İran’ın Lübnanlı müttefiki Hizbullah, İsrail işgali altındaki Golan Tepeleri’ne şimdiden iki küçük çaplı saldırı gerçekleştirdi.
İsrail ordusu, Lübnan içindeki hedefleri vurmak için helikopter kullandığını açıkladı.
Raz, “Hamas operasyonu, Orta Doğu’da gerçekliği değiştiren bir olay ve İran’ı destek ve koordinasyon katkısından uzaklaşıp daha doğrudan müdahale etmeye zorlayabilir, özellikle de İsrail’in tepkisinin Hamas’a ciddi bir meydan okuma oluşturması durumunda” ifadelerini kullandı.

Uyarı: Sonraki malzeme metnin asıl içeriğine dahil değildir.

(* Let $n\ge 2$, and let $S$ be a semitransitive subsemigroup of $\mathcal{I}_n\setminus\mathcal{S}_n$ with $|S|\le 2n$, let $g,h$ be its two non-zero idempotents, and let $S'=gSg\cup gSh\cup hSg\cup hSh$. Let $\varphi\in S'$ be nilpotent. Then for every $x\in\mathrm{dom}(\varphi)$, if $x\in X_i$ and $x\varphi\in X_j$, then $j>i$. In particular, a nilpotent element of $S'$ has no arrow from a transitivity block to itself.
   Context: $\mathcal{I}_n$ denotes the symmetric inverse semigroup of all partial injective maps of $X=\{1,\dots,n\}$ to itself, with maps written on the right and composed left to right; $0$ denotes the empty map, and $\varphi$ is nilpotent if $\varphi^k=0$ for some $k$. $\mathcal{S}_n$ is the symmetric group on $X$. A semigroup $S$ of partial transformations of $X$ is semitransitive if for all $x,y\in X$ there is $\varphi\in S$ with $x\varphi=y$ or $y\varphi=x$. It is known that such an $S$ (semitransitive in $\mathcal{I}_n\setminus\mathcal{S}_n$, $|S|\le 2n$) has exactly two non-zero idempotents $g,h$, with disjoint domains whose union is $X$. For $x,y\in X$ write $x\ge y$ if $x\varphi=y$ for some $\varphi\in S$; this is a total preorder, and its equivalence classes are the transitivity blocks $X_1,\dots,X_m$, numbered so that for $x\in X_i$, $y\in X_j$ one has $x\ge y$ iff $i\le j$. An element $\alpha$ has an arrow $x\to y$ if $x\in\mathrm{dom}(\alpha)$ and $x\alpha=y$. *)

theory Defs
  imports Main
begin

text \<open>Partial transformations of X = {1..n} are represented as maps nat => nat option.
  Maps are written on the right and composed left to right: x(f g) = (x f) g.\<close>

type_synonym pmap = "nat \<Rightarrow> nat option"

definition X :: "nat \<Rightarrow> nat set" where
  "X n = {1..n}"

definition in_In :: "nat \<Rightarrow> pmap \<Rightarrow> bool" where
  "in_In n f \<longleftrightarrow> dom f \<subseteq> X n \<and> ran f \<subseteq> X n \<and> inj_on f (dom f)"

definition in_Sn :: "nat \<Rightarrow> pmap \<Rightarrow> bool" where
  "in_Sn n f \<longleftrightarrow> in_In n f \<and> dom f = X n \<and> ran f = X n"

definition pcomp :: "pmap \<Rightarrow> pmap \<Rightarrow> pmap" where
  "pcomp f g = g \<circ>\<^sub>m f"

text \<open>Powers f^(k+1).\<close>
fun ppow :: "nat \<Rightarrow> pmap \<Rightarrow> pmap" where
  "ppow 0 f = f"
| "ppow (Suc k) f = pcomp (ppow k f) f"

definition nilpotent :: "pmap \<Rightarrow> bool" where
  "nilpotent f \<longleftrightarrow> (\<exists>k. ppow k f = Map.empty)"

definition idempotent :: "pmap \<Rightarrow> bool" where
  "idempotent e \<longleftrightarrow> pcomp e e = e"

definition subsemigroup_In :: "nat \<Rightarrow> pmap set \<Rightarrow> bool" where
  "subsemigroup_In n S \<longleftrightarrow> S \<noteq> {} \<and> (\<forall>f\<in>S. in_In n f)
     \<and> (\<forall>f\<in>S. \<forall>g\<in>S. pcomp f g \<in> S)"

definition semitransitive :: "nat \<Rightarrow> pmap set \<Rightarrow> bool" where
  "semitransitive n S \<longleftrightarrow>
     (\<forall>x\<in>X n. \<forall>y\<in>X n. \<exists>\<phi>\<in>S. \<phi> x = Some y \<or> \<phi> y = Some x)"

definition reach :: "pmap set \<Rightarrow> nat \<Rightarrow> nat \<Rightarrow> bool" where
  "reach S x y \<longleftrightarrow> (\<exists>\<phi>\<in>S. \<phi> x = Some y)"

text \<open>A numbering of the transitivity blocks: blk x = i means x \<in> X_i, and
  for x \<in> X_i, y \<in> X_j we have x \<ge> y iff i \<le> j.\<close>
definition block_numbering :: "nat \<Rightarrow> pmap set \<Rightarrow> (nat \<Rightarrow> nat) \<Rightarrow> bool" where
  "block_numbering n S blk \<longleftrightarrow>
     blk ` X n = {1..card (blk ` X n)} \<and>
     (\<forall>x\<in>X n. \<forall>y\<in>X n. reach S x y \<longleftrightarrow> blk x \<le> blk y)"

definition S_prime :: "pmap set \<Rightarrow> pmap \<Rightarrow> pmap \<Rightarrow> pmap set" where
  "S_prime S g h = {pcomp (pcomp a s) b | a s b. a \<in> {g, h} \<and> s \<in> S \<and> b \<in> {g, h}}"

end

theory Submission
  imports Defs
begin

(* Every element of S' lies in S.  Suppose a nilpotent phi in S has an arrow
   x -> y with blk y <= blk x, so that some psi in S maps y back to x.  Then phi psi fixes x
   and psi phi fixes y, and equal powers e of phi psi and f of psi phi are idempotent, hence
   (fixing a point) equal to g or h.  If e = f, phi maps the fixed points of e into themselves,
   so no power of phi vanishes.  If e /= f, then {e, f} = {g, h}, whose domains partition X.
   A top element t of the preorder lies in one of them, say dom e; conjugation links t to a
   point s fixed by f through a product mu of phi and psi with mu s = t.  With sigma_v sending
   t to v, the maps e sigma_v, f mu sigma_v and 0 = ef are 2n+1 distinct elements of S,
   contradicting |S| <= 2n. *)

section \<open>Composition and powers of partial maps\<close>

lemma pcomp_apply: "pcomp f g x = (case f x of None \<Rightarrow> None | Some y \<Rightarrow> g y)"
  by (simp add: pcomp_def map_comp_def)

lemma pcomp_assoc: "pcomp (pcomp a b) c = pcomp a (pcomp b c)"
  by (rule ext) (simp add: pcomp_apply split: option.split)

lemma ppow_Suc_left: "ppow (Suc k) f = pcomp f (ppow k f)"
  by (induction k) (simp_all add: pcomp_assoc)

text \<open>Exponent law; recall that ppow k f is the (k+1)-st power of f.\<close>
lemma ppow_add: "pcomp (ppow a f) (ppow b f) = ppow (a + b + 1) f"
proof (induction b)
  case 0
  then show ?case by simp
next
  case (Suc b)
  have "pcomp (ppow a f) (ppow (Suc b) f) = pcomp (pcomp (ppow a f) (ppow b f)) f"
    by (simp add: pcomp_assoc)
  also have "\<dots> = ppow (Suc (a + b + 1)) f"
    using Suc by simp
  finally show ?case by simp
qed

lemma ppow_closed:
  assumes "\<forall>a\<in>S. \<forall>b\<in>S. pcomp a b \<in> S" and "f \<in> S"
  shows "ppow k f \<in> S"
  using assms by (induction k) auto

lemma ppow_fixpoint: "f x = Some x \<Longrightarrow> ppow k f x = Some x"
  by (induction k) (simp_all add: pcomp_apply)

lemma ppow_periodic:
  assumes eq: "ppow i f = ppow j f" and "i < j" and "i \<le> a"
  shows "ppow (a + m * (j - i)) f = ppow a f"
proof (induction m)
  case 0
  then show ?case by simp
next
  case (Suc m)
  have shift: "ppow (i + r) f = ppow (j + r) f" for r
    using eq by (induction r) simp_all
  obtain r where r: "a + m * (j - i) = i + r"
    using \<open>i \<le> a\<close> le_Suc_ex trans_le_add1 by metis
  have "a + Suc m * (j - i) = (a + m * (j - i)) + (j - i)"
    by simp
  also have "\<dots> = j + r"
    using r \<open>i < j\<close> by simp
  finally have "ppow (a + Suc m * (j - i)) f = ppow (j + r) f"
    by simp
  also have "\<dots> = ppow (a + m * (j - i)) f"
    using shift r by simp
  finally show ?case using Suc by simp
qed

lemma idempotent_power_exists:
  assumes closed: "\<forall>a\<in>S. \<forall>b\<in>S. pcomp a b \<in> S" and "finite S" and "f \<in> S"
  shows "\<exists>k. idempotent (ppow k f)"
proof -
  have "range (\<lambda>i. ppow i f) \<subseteq> S"
    using ppow_closed[OF closed \<open>f \<in> S\<close>] by auto
  then have "\<not> inj (\<lambda>i. ppow i f)"
    using \<open>finite S\<close> by (meson finite_imageD finite_subset infinite_UNIV_nat)
  then obtain i j where "i \<noteq> j" "ppow i f = ppow j f"
    unfolding inj_def by blast
  then obtain i j where ij: "i < j" "ppow i f = ppow j f"
    by (metis linorder_neqE_nat)
  define K where "K = (j - i) * (i + 1) - 1"
  have K: "K + 1 = (j - i) * (i + 1)"
    using ij(1) K_def by simp
  moreover have "1 * (i + 1) \<le> (j - i) * (i + 1)"
    using ij(1) by (intro mult_le_mono1) simp
  ultimately have "i \<le> K"
    by simp
  have "K + K + 1 = K + (i + 1) * (j - i)"
    using K by (simp add: mult.commute)
  then have "pcomp (ppow K f) (ppow K f) = ppow (K + (i + 1) * (j - i)) f"
    by (metis ppow_add)
  also have "\<dots> = ppow K f"
    using ppow_periodic[OF ij(2) ij(1) \<open>i \<le> K\<close>, of "i + 1"] .
  finally show ?thesis unfolding idempotent_def by blast
qed

lemma idempotent_ppow_repeat:
  assumes "idempotent (ppow k f)"
  shows "ppow (m * (k + 1) + k) f = ppow k f"
proof (induction m)
  case 0
  then show ?case by simp
next
  case (Suc m)
  have "ppow (Suc m * (k + 1) + k) f = pcomp (ppow (m * (k + 1) + k) f) (ppow k f)"
    using ppow_add[of "m * (k + 1) + k" f k] by (simp add: algebra_simps)
  then show ?case
    using Suc assms unfolding idempotent_def by simp
qed

text \<open>Two elements of a finite semigroup have idempotent powers with a common exponent,
  which may moreover be taken positive (ppow (Suc Q) is at least a square).\<close>
lemma common_idempotent_power:
  assumes closed: "\<forall>a\<in>S. \<forall>b\<in>S. pcomp a b \<in> S" and "finite S" and "f1 \<in> S" and "f2 \<in> S"
  shows "\<exists>Q. idempotent (ppow (Suc Q) f1) \<and> idempotent (ppow (Suc Q) f2)"
proof -
  obtain k1 k2 where k1: "idempotent (ppow k1 f1)" and k2: "idempotent (ppow k2 f2)"
    using idempotent_power_exists assms by metis
  define P where "P = k2 * (k1 + 1) + k1"
  have P1: "ppow P f1 = ppow k1 f1"
    unfolding P_def using idempotent_ppow_repeat[OF k1] .
  have P2: "ppow P f2 = ppow k2 f2"
    using idempotent_ppow_repeat[OF k2, of k1] unfolding P_def by (simp add: algebra_simps)
  have "ppow (Suc (2 * P)) f = pcomp (ppow P f) (ppow P f)" for f
    using ppow_add[of P f P] by (simp add: mult_2)
  then have "ppow (Suc (2 * P)) f1 = ppow k1 f1" "ppow (Suc (2 * P)) f2 = ppow k2 f2"
    using P1 P2 k1 k2 unfolding idempotent_def by simp_all
  then show ?thesis using k1 k2 by metis
qed

section \<open>Conjugation\<close>

lemma pcomp_ppow_conjugate:
  "pcomp \<phi> (ppow k (pcomp \<psi> \<phi>)) = pcomp (ppow k (pcomp \<phi> \<psi>)) \<phi>"
proof (induction k)
  case 0
  then show ?case by (simp add: pcomp_assoc)
next
  case (Suc k)
  have "pcomp \<phi> (ppow (Suc k) (pcomp \<psi> \<phi>))
      = pcomp (pcomp \<phi> (ppow k (pcomp \<psi> \<phi>))) (pcomp \<psi> \<phi>)"
    by (simp add: pcomp_assoc)
  also have "\<dots> = pcomp (ppow (Suc k) (pcomp \<phi> \<psi>)) \<phi>"
    using Suc by (simp add: pcomp_assoc)
  finally show ?case .
qed

lemma fixpoint_transfer:
  assumes "ppow k (pcomp \<phi> \<psi>) z = Some z"
  shows "\<exists>s. \<phi> z = Some s \<and> ppow k (pcomp \<psi> \<phi>) s = Some s"
proof -
  have "pcomp \<phi> \<psi> z \<noteq> None"
  proof
    assume "pcomp \<phi> \<psi> z = None"
    then have "ppow k (pcomp \<phi> \<psi>) z = None"
      by (induction k) (simp_all add: pcomp_apply split: option.split)
    with assms show False by simp
  qed
  then obtain s where s: "\<phi> z = Some s"
    by (auto simp: pcomp_apply split: option.splits)
  have "pcomp (ppow k (pcomp \<phi> \<psi>)) \<phi> z = Some s"
    using assms s by (simp add: pcomp_apply)
  then have "ppow k (pcomp \<psi> \<phi>) s = Some s"
    using s by (simp add: pcomp_ppow_conjugate[symmetric] pcomp_apply)
  with s show ?thesis by blast
qed

lemma fixpoint_bridge:
  assumes "ppow (Suc k) (pcomp \<phi> \<psi>) t = Some t"
  shows "\<exists>s. ppow (Suc k) (pcomp \<psi> \<phi>) s = Some s
             \<and> pcomp \<psi> (ppow k (pcomp \<phi> \<psi>)) s = Some t"
proof -
  obtain s where s: "\<phi> t = Some s" "ppow (Suc k) (pcomp \<psi> \<phi>) s = Some s"
    using fixpoint_transfer[OF assms] by blast
  have "ppow (Suc k) (pcomp \<phi> \<psi>) = pcomp \<phi> (pcomp \<psi> (ppow k (pcomp \<phi> \<psi>)))"
    by (simp only: ppow_Suc_left pcomp_assoc)
  then have "pcomp \<psi> (ppow k (pcomp \<phi> \<psi>)) s = Some t"
    using assms s(1) by (simp add: pcomp_apply)
  with s(2) show ?thesis by blast
qed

BBC Farsça’dan Kayvan Hosseini: İran’ın İsrail ile çatışması pek mümkün görünmüyor
BBC Farşça ekibinden Kayvan Hosseini durumu şu şekilde değerlendiriyor:
İran devletinin propaganda makinesi, hiç durmadan kurtarılmış bir Kudüs tasvir etti.
İran’ın dini lideri Ayetullah Ali Hamaney’in 2015’te yaptığı, “İsrail 25 yıl içinde artık var olmayacak” şeklindeki cüretkar açıklaması, İran’ın dört bir yanındaki şehir duvarlarına ve pankartlara yazılı.
Tahran’ın Filistin meydanında, Hamaney’in tahminlerine dayanarak İsrail’in kehanet edilen çöküşüne yol açan sembolik geri sayım bunun kanıtı.
Bu kadar agresif bir resmi görüşe rağmen, uzun süredir devam eden inanç bunların boş tehditler olduğu yönündeydi.
Coğrafi tampon bölge, İsrail’in askeri gücüne ilişkin algılar ve ABD’nin İsrail’e sarsılmaz desteği gibi faktörler, tam kapsamlı bir çatışmanın hep mantıksız görünmesine neden oldu.
Çatışmanın yoğunlaşması durumunda İran hükümetinin iç zorlukları görmezden gelip çok tehlikeli bir mücadeleye dahil olması zor olacaktır.
Geçtiğimiz yıl, İran rejimine onlarca yılın muhtemelen en büyük varoluşsal tehdidini oluşturan devrimci bir coşkuya tanık olduk.
Bu, rejimin meşruiyetinin kırılgan doğasının ve teokratik modeliyle ilgili derin, yaygın hayalkırıklığının altını çizdi.
Böyle bir gerçeklik, rejimin Filistinli müttefiklerini destekleme olanağını da sınırlayabilir.